Dorothée Dupuis (born 1980, Paris) is a Feminist art curator, art critic, and publisher based in Mexico City.

Career
Dupuis holds a MFA from the HEAR (Haute école des arts du Rhin) in Strasbourg (2005). She was assistant curator at the Centre Georges Pompidou from 2005 to 2007. She was Director of Triangle France, a non-profit exhibition and residency program in Marseille, from 2007 to 2012. She was also Director of the French Feminist magazine Petunia starting in 2008. Dupuis is the founder of the online magazine Terremoto.mx, where she currently works as director and chief-editor.

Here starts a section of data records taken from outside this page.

lemma Sqf_mult:
  fixes x y :: "'a::idom"
  assumes G: "gcd_domain TYPE('a)" and x: "x \<in> Sqf" and y: "y \<in> Sqf" and "rel_prime x y"
  shows "x * y \<in> Sqf"
  unfolding Sqf_iff
proof clarify
  fix b assume b: "b\<^sup>2 dvd x * y"
  have "rel_prime x b" unfolding rel_prime_def
  proof clarify
    fix d assume "d dvd x" "d dvd b"
    then obtain x' where x': "x = d * x'" by (elim dvdE)
    have "d * d dvd d * (y * x')"
      using dvd_trans[OF dvd_power_same[OF \<open>d dvd b\<close>, of 2] b] x'
      by (simp add: power2_eq_square ac_simps)
    moreover have "d \<noteq> 0" using x' Sqf_nonzero[OF x] by auto
    ultimately have "d dvd y * x'" by simp
    moreover have "rel_prime d y" using rel_prime_dvd_left[OF assms(4) \<open>d dvd x\<close>] .
    ultimately have "d dvd x'" by (rule rel_prime_dvd_mult[OF G, rotated])
    then have "d\<^sup>2 dvd x" using x' by (simp add: power2_eq_square)
    with x show "d dvd 1" unfolding Sqf_iff by blast
  qed
  then have "rel_prime x (b * b)" using rel_prime_mult_right[OF G] by blast
  then have "rel_prime (b\<^sup>2) x" by (simp add: power2_eq_square rel_prime_sym)
  then have "b\<^sup>2 dvd y" using b rel_prime_dvd_mult[OF G] by blast
  with y show "b dvd 1" unfolding Sqf_iff by blast
qed

lemma Sqf_prod:
  fixes f :: "'b \<Rightarrow> 'a::idom"
  assumes G: "gcd_domain TYPE('a)"
    and "\<forall>i\<in>I. f i \<in> Sqf" and "pairwise (\<lambda>i j. rel_prime (f i) (f j)) I"
  shows "prod f I \<in> Sqf"
  using assms(2,3)
proof (induction I rule: infinite_finite_induct)
  case (insert i I)
  have "rel_prime (f i) (prod f I)"
    using insert.hyps insert.prems(2) by (intro rel_prime_prod_right[OF G]) (auto simp: pairwise_def)
  with insert show ?case by (simp add: Sqf_mult[OF G] pairwise_insert)
qed (simp_all add: unit_in_Sqf)

lemma prod_list_conv_prod_nth: "prod_list xs = (\<Prod>i\<in>{1..length xs}. xs ! (i - 1))"
proof -
  have "prod_list xs = (\<Prod>i<length xs. xs ! i)"
    by (induction xs) (simp_all del: prod.lessThan_Suc add: prod.lessThan_Suc_shift)
  also have "\<dots> = (\<Prod>i\<in>{1..length xs}. xs ! (i - 1))"
    by (simp add: prod.atLeast1_atMost_eq)
  finally show ?thesis .
qed

lemma Sqf_gcd_split:
  fixes x y :: "'a::idom"
  assumes G: "gcd_domain TYPE('a)" and x: "x \<in> Sqf" and y: "y \<in> Sqf"
  obtains g l where "g \<in> Sqf" "l \<in> Sqf" "x * y = g * l" "g dvd x" "g dvd y" "x dvd l"
    "\<And>d. d dvd x \<Longrightarrow> d dvd y \<Longrightarrow> d dvd g"
proof -
  obtain g where gx: "g dvd x" and gy: "g dvd y" and gcd: "\<And>d. d dvd x \<Longrightarrow> d dvd y \<Longrightarrow> d dvd g"
    using gcd_domain_gcd[OF G] by blast
  from gy obtain y' where y': "y = g * y'" ..
  have "rel_prime x y'"
    unfolding rel_prime_def
  proof clarify
    fix d assume "d dvd x" "d dvd y'"
    then have "d dvd g" using gcd y' by simp
    then have "d\<^sup>2 dvd y" using \<open>d dvd y'\<close> y' by (simp add: power2_eq_square mult_dvd_mono)
    with y show "d dvd 1" unfolding Sqf_iff by blast
  qed
  then have "x * y' \<in> Sqf" using Sqf_mult[OF G x] Sqf_dvd[OF y] y' by simp
  show ?thesis
  proof (rule that)
    show "x * y = g * (x * y')" using y' by (simp add: ac_simps)
  qed (use \<open>x * y' \<in> Sqf\<close> Sqf_dvd[OF x gx] gx gy gcd in simp_all)
qed

(* The last conjunct is the invariant showing that g, a common divisor of l and of L,
   divides every element of the list built by the recursive insertion of l. *)
lemma sorted_dvd_insert_Sqf:
  fixes x :: "'a::idom"
  assumes G: "gcd_domain TYPE('a)"
  shows "x \<in> Sqf \<Longrightarrow> set L \<subseteq> Sqf \<Longrightarrow> sorted_wrt (dvd) L \<Longrightarrow>
    \<exists>L'. set L' \<subseteq> Sqf \<and> sorted_wrt (dvd) L' \<and> prod_list L' = x * prod_list L \<and>
      (\<forall>d. d dvd x \<longrightarrow> (\<forall>z\<in>set L. d dvd z) \<longrightarrow> (\<forall>w\<in>set L'. d dvd w))"
proof (induction L arbitrary: x)
  case Nil
  then show ?case by (intro exI[of _ "[x]"]) simp
next
  case (Cons s L)
  have "s \<in> Sqf" "set L \<subseteq> Sqf" "sorted_wrt (dvd) L" and s_dvd: "\<forall>z\<in>set L. s dvd z"
    using Cons.prems by simp_all
  obtain g l where gl: "g \<in> Sqf" "l \<in> Sqf" "x * s = g * l" "g dvd x" "g dvd s" "x dvd l"
    and gcd: "\<And>d. d dvd x \<Longrightarrow> d dvd s \<Longrightarrow> d dvd g"
    using Sqf_gcd_split[OF G \<open>x \<in> Sqf\<close> \<open>s \<in> Sqf\<close>] by blast
  obtain L' where L': "set L' \<subseteq> Sqf" "sorted_wrt (dvd) L'" "prod_list L' = l * prod_list L"
    and common: "\<forall>d. d dvd l \<longrightarrow> (\<forall>z\<in>set L. d dvd z) \<longrightarrow> (\<forall>w\<in>set L'. d dvd w)"
    using Cons.IH[OF gl(2) \<open>set L \<subseteq> Sqf\<close> \<open>sorted_wrt (dvd) L\<close>] by blast
  have "g dvd l" using gl(4,6) by (rule dvd_trans)
  moreover have "\<forall>z\<in>set L. g dvd z" using s_dvd dvd_trans[OF gl(5)] by blast
  ultimately have "\<forall>w\<in>set L'. g dvd w" using common by blast
  then have "sorted_wrt (dvd) (g # L')" using L'(2) by simp
  moreover have "set (g # L') \<subseteq> Sqf" using gl(1) L'(1) by simp
  moreover have "prod_list (g # L') = x * prod_list (s # L)"
    using L'(3) gl(3) by (simp add: mult.assoc)
  moreover have "\<forall>w\<in>set (g # L'). d dvd w" if "d dvd x" "\<forall>z\<in>set (s # L). d dvd z" for d
  proof -
    have "d dvd g" using gcd that by simp
    moreover have "\<forall>w\<in>set L'. d dvd w"
      using common[rule_format, OF dvd_trans[OF \<open>d dvd x\<close> gl(6)]] that(2) by simp
    ultimately show ?thesis by simp
  qed
  ultimately show ?case by blast
qed

definition sqf_product :: "'a::idom \<Rightarrow> bool" where
  "sqf_product x \<longleftrightarrow> (\<exists>xs. set xs \<subseteq> Sqf \<and> x = prod_list xs)"

lemma sqf_product_Sqf: "x \<in> Sqf \<Longrightarrow> sqf_product x"
  unfolding sqf_product_def by (intro exI[of _ "[x]"]) simp

lemma sqf_product_unit: "c dvd 1 \<Longrightarrow> sqf_product c"
  by (intro sqf_product_Sqf unit_in_Sqf)

lemma sqf_product_mult: "sqf_product x \<Longrightarrow> sqf_product y \<Longrightarrow> sqf_product (x * y)"
  unfolding sqf_product_def by (metis prod_list.append set_append sup.bounded_iff)

lemma sqf_product_power: "sqf_product x \<Longrightarrow> sqf_product (x ^ k)"
  by (induction k) (simp_all add: sqf_product_mult sqf_product_unit)

lemma sqf_product_prod: "\<forall>i\<in>I. sqf_product (f i) \<Longrightarrow> sqf_product (prod f I)"
  by (induction I rule: infinite_finite_induct) (simp_all add: sqf_product_mult sqf_product_unit)

lemma sqf_product_sorted_dvd_list:
  fixes x :: "'a::idom"
  assumes G: "gcd_domain TYPE('a)" and "sqf_product x"
  obtains L where "set L \<subseteq> Sqf" "sorted_wrt (dvd) L" "prod_list L = x"
proof -
  obtain xs where xs: "set xs \<subseteq> Sqf" "x = prod_list xs"
    using assms(2) unfolding sqf_product_def by blast
  have "\<exists>L. set L \<subseteq> Sqf \<and> sorted_wrt (dvd) L \<and> prod_list L = prod_list xs"
    using xs(1)
  proof (induction xs)
    case (Cons y xs)
    then obtain L where "set L \<subseteq> Sqf" "sorted_wrt (dvd) L" "prod_list L = prod_list xs" by auto
    with Cons.prems show ?case using sorted_dvd_insert_Sqf[OF G, of y L] by auto
  qed (intro exI[of _ "[]"], simp)
  with xs(2) that show ?thesis by blast
qed

lemma sqf_product_imp_dvd_chain:
  fixes a :: "'a::idom"
  assumes "gcd_domain TYPE('a)" and "sqf_product a" and "\<not> a dvd 1"
  shows "\<exists>(n::nat) (s::nat \<Rightarrow> 'a). n \<ge> 1 \<and> (\<forall>i\<in>{1..n}. s i \<in> Sqf) \<and>
    (\<forall>i\<in>{1..<n}. s i dvd s (Suc i)) \<and> a = (\<Prod>i\<in>{1..n}. s i)"
proof -
  obtain L where L: "set L \<subseteq> Sqf" "sorted_wrt (dvd) L" "prod_list L = a"
    using sqf_product_sorted_dvd_list[OF assms(1,2)] .
  have "L \<noteq> []" using L(3) assms(3) by auto
  moreover have "L ! (i - 1) dvd L ! (Suc i - 1)" if "i \<in> {1..<length L}" for i
    using sorted_wrt_nth_less[OF L(2)] that by auto
  moreover have "L ! (i - 1) \<in> Sqf" if "i \<in> {1..length L}" for i
    using L(1) that by auto
  ultimately show ?thesis using L(3) prod_list_conv_prod_nth[of L]
    by (intro exI[of _ "length L"] exI[of _ "\<lambda>i. L ! (i - 1)"]) (auto simp: Suc_le_eq)
qed

lemma dvd_chain_tail_products:
  fixes s :: "nat \<Rightarrow> 'a::comm_monoid_mult"
  assumes "\<forall>i\<in>{1..<n}. s i dvd s (Suc i)"
  obtains u where "\<forall>i\<in>{1..n}. s i = (\<Prod>j\<in>{n + 1 - i..n}. u j)"
proof -
  obtain q where q: "\<forall>i\<in>{1..<n}. s (Suc i) = s i * q i"
    using bchoice[OF assms[unfolded dvd_def]] by blast
  define u where "u j = (if j = n then s 1 else q (n - j))" for j
  have "1 \<le> i \<longrightarrow> i \<le> n \<longrightarrow> s i = (\<Prod>j\<in>{n + 1 - i..n}. u j)" for i
  proof (induction i)
    case (Suc i)
    show ?case
    proof (intro impI)
      assume "Suc i \<le> n"
      show "s (Suc i) = (\<Prod>j\<in>{n + 1 - Suc i..n}. u j)"
      proof (cases "i = 0")
        case False
        with \<open>Suc i \<le> n\<close> have "{n + 1 - Suc i..n} = insert (n - i) {n + 1 - i..n}"
          and "n - i \<notin> {n + 1 - i..n}" "n - i \<noteq> n" by auto
        with q Suc.IH False \<open>Suc i \<le> n\<close> show ?thesis by (simp add: u_def mult.commute)
      qed (simp add: u_def)
    qed
  qed simp
  then show ?thesis by (intro that[of u]) simp
qed

lemma prod_tail_products_power:
  fixes u :: "nat \<Rightarrow> 'a::comm_semiring_1"
  shows "(\<Prod>i\<in>{1..n}. (\<Prod>j\<in>{n + 1 - i..n}. u j) ^ e i) =
    (\<Prod>j\<in>{1..n}. u j ^ (\<Sum>i\<in>{n + 1 - j..n}. e i))"
proof -
  have "(\<Prod>i\<in>{1..n}. (\<Prod>j\<in>{n + 1 - i..n}. u j) ^ e i) =
      (\<Prod>i\<in>{1..n}. \<Prod>j\<in>{j. j \<in> {1..n} \<and> n + 1 - i \<le> j}. u j ^ e i)"
  proof (rule prod.cong)
    fix i assume "i \<in> {1..n}"
    then have "{n + 1 - i..n} = {j. j \<in> {1..n} \<and> n + 1 - i \<le> j}" by auto
    then show "(\<Prod>j\<in>{n + 1 - i..n}. u j) ^ e i = (\<Prod>j\<in>{j. j \<in> {1..n} \<and> n + 1 - i \<le> j}. u j ^ e i)"
      by (simp add: prod_power_distrib)
  qed simp
  also have "\<dots> = (\<Prod>j\<in>{1..n}. \<Prod>i\<in>{i. i \<in> {1..n} \<and> n + 1 - i \<le> j}. u j ^ e i)"
    by (rule prod.swap_restrict) simp_all
  also have "\<dots> = (\<Prod>j\<in>{1..n}. u j ^ (\<Sum>i\<in>{n + 1 - j..n}. e i))"
  proof (rule prod.cong)
    fix j assume "j \<in> {1..n}"
    then have "{i. i \<in> {1..n} \<and> n + 1 - i \<le> j} = {n + 1 - j..n}" by auto
    then show "(\<Prod>i\<in>{i. i \<in> {1..n} \<and> n + 1 - i \<le> j}. u j ^ e i) = u j ^ (\<Sum>i\<in>{n + 1 - j..n}. e i)"
      by (simp add: power_sum)
  qed simp
  finally show ?thesis .
qed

Dupuis’s writings have been published in numerous art catalogues and publications and she is a regular contributor of Flash Art (Milan), Spike Art Daily (Vienna) and Crash Magazine (Paris).

Selected curation 
Cada vez que encuentro la muerte pienso en ti : Emmanuelle Lainé, IFAL, Mexico City, 2015.
 Moucharabieh, co-curated with Céline Kopp and Sandra Patron, Triangle France, Marseille, 2015.
 Yesterday : Renaud Jerez, Lodos, Mexico City, 2014. 
 20 million Mexicans can’t be wrong, panel discussion, Material Art Fair, Mexico City, 2014.
 Les Possédés, Triangle France, Marseille, 2012.
 K. Acker: The Office / Rulin 'n' freaking, cocurated with Géraldine Gourbe, Triangle France, Marseille, 2011.

Bibliography 
• La Start-Up, Les Ateliers des Arques, Lot, 2014.

References

External links
 Terremoto.mx 
 Triangle France 
 Petunia 
 Review of “Yesterday: Renaud Jerez" at Lodos Gallery, curated by Dorothée Dupuis 
 Review of “Les Possédé(e)s," curated by Dorothée Dupuis by Chris Sharp in Artforum January 2016. 
 DOROTHÉE interview par Luc Jeand’heur. Object de curiosités. September 2012. 
 Les 100 qui réinventent la culture: sélection arts. les inRocks. 23 juin 2015.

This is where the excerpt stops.